出演者も障害をもった人が多数 ヒロインは「片翼の小さな飛行機」のヒロイン

 障害者を起用するという点では、本作にも重なるものがある。NHKは「パーセント」の出演者をオーディションで募集し、「障害」「持病」のある人を条件とした。100人を超える応募があったという。

 最終的に未来と共にハルはドラマに出演することを了承するが、ハルを演じる和合由依も、2年前の東京パラリンピックの開会式で車イス姿の「片翼の小さな飛行機」を演じた若者だ。

恋人と「感動ポルノ」「上から目線」で激しい口論

 5月18日の第2話では、新任の編成部長・長谷部由美(水野美紀)から“根本的に人間を描くという意識が欠如している“と未来は厳しい指摘を受ける。
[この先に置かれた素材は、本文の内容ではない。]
lemma ik_matching_doctor_optimal:
  assumes "market D H Pd Ph"
  shows "doctor_optimal_stable D H
    (restricted_doctor_prefs Pd (step1 D H Pd Ph \<iota> \<kappa>))
    (restricted_hospital_prefs Ph (step1 D H Pd Ph \<iota> \<kappa>))
    (ik_matching D H Pd Ph \<iota> \<kappa>)"
  unfolding ik_matching_def Let_def
  by (rule marriage_market.the_doctor_optimal_stable[OF marriage_market_restricted[OF assms]])

lemma indiv_rational_restricted_iff:
  "indiv_rational (restricted_doctor_prefs Pd N) (restricted_hospital_prefs Ph N) M \<longleftrightarrow>
   M \<subseteq> N \<and> indiv_rational Pd Ph M"
  unfolding indiv_rational_def acceptable_restrict_pref_iff[unfolded acceptable_def]
  unfolding dset_def hset_def by auto

context
  fixes D :: "'d set" and H :: "'h set" and N M :: "('d \<times> 'h) set"
    and Pd :: "'d \<Rightarrow> 'h option \<Rightarrow> 'h option \<Rightarrow> bool"
    and Ph :: "'h \<Rightarrow> 'd option \<Rightarrow> 'd option \<Rightarrow> bool"
  assumes m: "matching D H M"
    and ir: "indiv_rational (restricted_doctor_prefs Pd N) (restricted_hospital_prefs Ph N) M"
begin

lemma pd_restricted_outcomes: "pd M d \<in> restricted_outcomes (Pd d) (dset N d)"
  using ir pd_eq_Some_iff[OF m] unfolding indiv_rational_restricted_iff indiv_rational_def
  by (cases "pd M d") (auto simp: restricted_outcomes_def acceptable_def dset_def)

lemma ph_restricted_outcomes: "ph M h \<in> restricted_outcomes (Ph h) (hset N h)"
  using ir ph_eq_Some_iff[OF m] unfolding indiv_rational_restricted_iff indiv_rational_def
  by (cases "ph M h") (auto simp: restricted_outcomes_def acceptable_def hset_def)

lemma blocks_restricted_iff:
  "blocks (restricted_doctor_prefs Pd N) (restricted_hospital_prefs Ph N) M d h \<longleftrightarrow>
   (d, h) \<in> N \<and> acceptable (Pd d) h \<and> acceptable (Ph h) d \<and> blocks Pd Ph M d h"
  unfolding blocks_def restrict_pref_iff[OF pd_restricted_outcomes]
    restrict_pref_iff[OF ph_restricted_outcomes]
  by (auto simp: Some_restricted_outcomes_iff dset_def hset_def)

end

section \<open>Enlarging the doctors' interview capacities\<close>

locale interview_expansion =
  fixes D :: "'d set" and H :: "'h set"
    and Pd :: "'d \<Rightarrow> 'h option \<Rightarrow> 'h option \<Rightarrow> bool"
    and Ph :: "'h \<Rightarrow> 'd option \<Rightarrow> 'd option \<Rightarrow> bool"
    and \<iota> :: "'h \<Rightarrow> nat" and \<kappa> \<kappa>' :: "'d \<Rightarrow> nat"
    and \<nu> \<nu>' \<mu> \<mu>' :: "('d \<times> 'h) set"
  assumes market: "market D H Pd Ph"
    and ps: "pairwise_stable D H Pd Ph \<iota> \<kappa> \<nu>"
    and ps': "pairwise_stable D H Pd Ph \<iota> \<kappa>' \<nu>'"
    and hospitals_keep_\<nu>': "h \<in> H \<Longrightarrow> choice (Ph h) (\<iota> h) (hset \<nu>' h \<union> hset \<nu> h) = hset \<nu>' h"
    and optimal:
      "doctor_optimal_stable D H (restricted_doctor_prefs Pd \<nu>) (restricted_hospital_prefs Ph \<nu>) \<mu>"
    and optimal':
      "doctor_optimal_stable D H (restricted_doctor_prefs Pd \<nu>') (restricted_hospital_prefs Ph \<nu>') \<mu>'"
    and stable: "stable D H Pd Ph \<mu>"
begin

lemma finite_D: "finite D" and finite_H: "finite H"
  using market unfolding market_def by auto

lemma doctor_strict_linear: "d \<in> D \<Longrightarrow> strict_linear_on (Some ` H \<union> {None}) (Pd d)"
  using market unfolding market_def by blast

lemma hospital_strict_linear: "h \<in> H \<Longrightarrow> strict_linear_on (Some ` D \<union> {None}) (Ph h)"
  using market unfolding market_def by blast

lemma matching: "matching D H \<mu>" and matching': "matching D H \<mu>'"
  using stable optimal' unfolding doctor_optimal_stable_def stable_def by auto

lemma restricted_ir:
    "indiv_rational (restricted_doctor_prefs Pd \<nu>) (restricted_hospital_prefs Ph \<nu>) \<mu>"
  and restricted_ir':
    "indiv_rational (restricted_doctor_prefs Pd \<nu>') (restricted_hospital_prefs Ph \<nu>') \<mu>'"
  using optimal optimal' unfolding doctor_optimal_stable_def by auto

lemma \<mu>_memD: "(d, h) \<in> \<mu> \<Longrightarrow> (d, h) \<in> \<nu> \<and> acceptable (Pd d) h \<and> acceptable (Ph h) d"
  and \<mu>'_memD: "(d, h) \<in> \<mu>' \<Longrightarrow> (d, h) \<in> \<nu>' \<and> acceptable (Pd d) h \<and> acceptable (Ph h) d"
  using restricted_ir restricted_ir'
  unfolding indiv_rational_restricted_iff indiv_rational_def acceptable_def by auto

lemma not_blocks_\<mu>: "d \<in> D \<Longrightarrow> h \<in> H \<Longrightarrow> \<not> blocks Pd Ph \<mu> d h"
  using stable unfolding stable_def by blast

lemma not_blocks_\<mu>':
  "d \<in> D \<Longrightarrow> h \<in> H \<Longrightarrow> (d, h) \<in> \<nu>' \<Longrightarrow> acceptable (Pd d) h \<Longrightarrow> acceptable (Ph h) d \<Longrightarrow>
   \<not> blocks Pd Ph \<mu>' d h"
  using optimal' blocks_restricted_iff[OF matching' restricted_ir']
  unfolding doctor_optimal_stable_def stable_def by blast

lemma interview_kept:
  assumes dh: "(d, h) \<in> \<nu>" and d'h: "(d', h) \<in> \<nu>'" and pref: "Ph h (Some d) (Some d')"
  shows "(d, h) \<in> \<nu>'"
proof -
  have h: "h \<in> H" and d_acc: "acceptable (Ph h) d" using pairwise_stable_memD[OF ps dh] by auto
  have d': "d' \<in> D" "acceptable (Ph h) d'" using pairwise_stable_memD[OF ps' d'h] by auto
  let ?S = "hset \<nu>' h \<union> hset \<nu> h"
  have lin: "acceptable_linear D (Ph h)" by (rule market_hospital_linear[OF market h])
  have S: "?S \<subseteq> D"
    using pairwise_stable_hset_subset[OF ps] pairwise_stable_hset_subset[OF ps'] by blast
  then have S: "?S \<subseteq> D" "finite ?S" using finite_subset[OF _ finite_D] by auto
  have "d' \<in> choice (Ph h) (\<iota> h) ?S" using hospitals_keep_\<nu>'[OF h] d'h unfolding hset_def by simp
  then have "rank (Ph h) ?S d' < \<iota> h" using choice_eq_rank[OF lin S] by simp
  moreover have "d \<in> ?S" using dh unfolding hset_def by simp
  moreover have "rank (Ph h) ?S d < rank (Ph h) ?S d'"
    using rank_strict_mono[OF lin S \<open>d \<in> ?S\<close> d_acc d' pref] .
  ultimately have "d \<in> choice (Ph h) (\<iota> h) ?S" using choice_eq_rank[OF lin S] d_acc by simp
  then show ?thesis using hospitals_keep_\<nu>'[OF h] unfolding hset_def by simp
qed

definition improving :: "'d set" where
  "improving = {d \<in> D. Pd d (pd \<mu>' d) (pd \<mu> d)}"

lemma improving_subset: "improving \<subseteq> D"
  unfolding improving_def by blast

lemma weakly_prefers_if_not_improving:
  "d \<in> D \<Longrightarrow> d \<notin> improving \<Longrightarrow> pd \<mu> d = pd \<mu>' d \<or> Pd d (pd \<mu> d) (pd \<mu>' d)"
  using strict_linear_on_total[OF doctor_strict_linear pd_range[OF matching] pd_range[OF matching']]
  unfolding improving_def by blast

lemma not_prefers_unmatched:
  assumes d: "d \<in> D"
  shows "\<not> Pd d None (pd \<mu> d)"
proof (cases "pd \<mu> d")
  case None
  then show ?thesis using strict_linear_on_irrefl[OF doctor_strict_linear[OF d], of None] by simp
next
  case (Some h)
  then have dh: "(d, h) \<in> \<mu>" using pd_eq_Some_iff[OF matching] by blast
  then have "Pd d (Some h) None" using \<mu>_memD unfolding acceptable_def by blast
  moreover have "h \<in> H" using dh matching_subset[OF matching] by blast
  ultimately show ?thesis
    using Some strict_linear_on_asym[OF doctor_strict_linear[OF d], of "Some h" None] by simp
qed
 未来は、恋人の町田龍太郎(岡山天音)と同棲している。龍太郎は学生映画で脚本賞を獲ったこともあり、才能は一目置かれながらも、就職せずにバーでバイトをするフリーターだ。

 未来の企画書を見た龍太郎の発言がきっかけで、2人は激しい口げんかをしてしまう。

(龍太郎)「『女性や障害者、マイノリティです。うちらは差別されてまーす』みたいなこと言われても、そんな説教されたないから、こっちは……」

(未来)「説教…?」

(龍太郎)「説教やろ。こんな『上から目線』でもの作って……。それはみんなテレビを見んようなるわ」

 こちらも一生懸命にドラマを作っている、障害のある素敵な俳優も多くいる、という未来の反論に対しても、

(龍太郎)「それ…、障害者やのに頑張っている…から素敵なんやろ?そんなの『感動ポルノ』や。やばいで、未来。テレビの世界につかりすぎて、感覚おかしなってるちゃう?」

 龍太郎が口にした「感動ポルノ」とは、障害者が「感動」のために消費される存在になっていることを痛烈に批判した、オーストラリア人ジャーナリストのステラ・ヤングの言葉だ。2016年、日本テレビの恒例番組「24時間テレビ 愛は地球を救う!」の裏番組としてNHKが「バリバラ」を生放送して大きな話題になった。日テレで「困難に見舞われてもけなげに頑張る存在」として描かれていた難病患者の女性が、NHKでは「本当の自分の姿とは違う」と本音を暴露したからだ。

 その後、未来がハルとの距離を縮めていく展開となる。自分の弱さや、龍太郎との口げんかの顛末などまで打ち明けるようになる。企画書は改善されていくものの、編成部長のOKは出ない。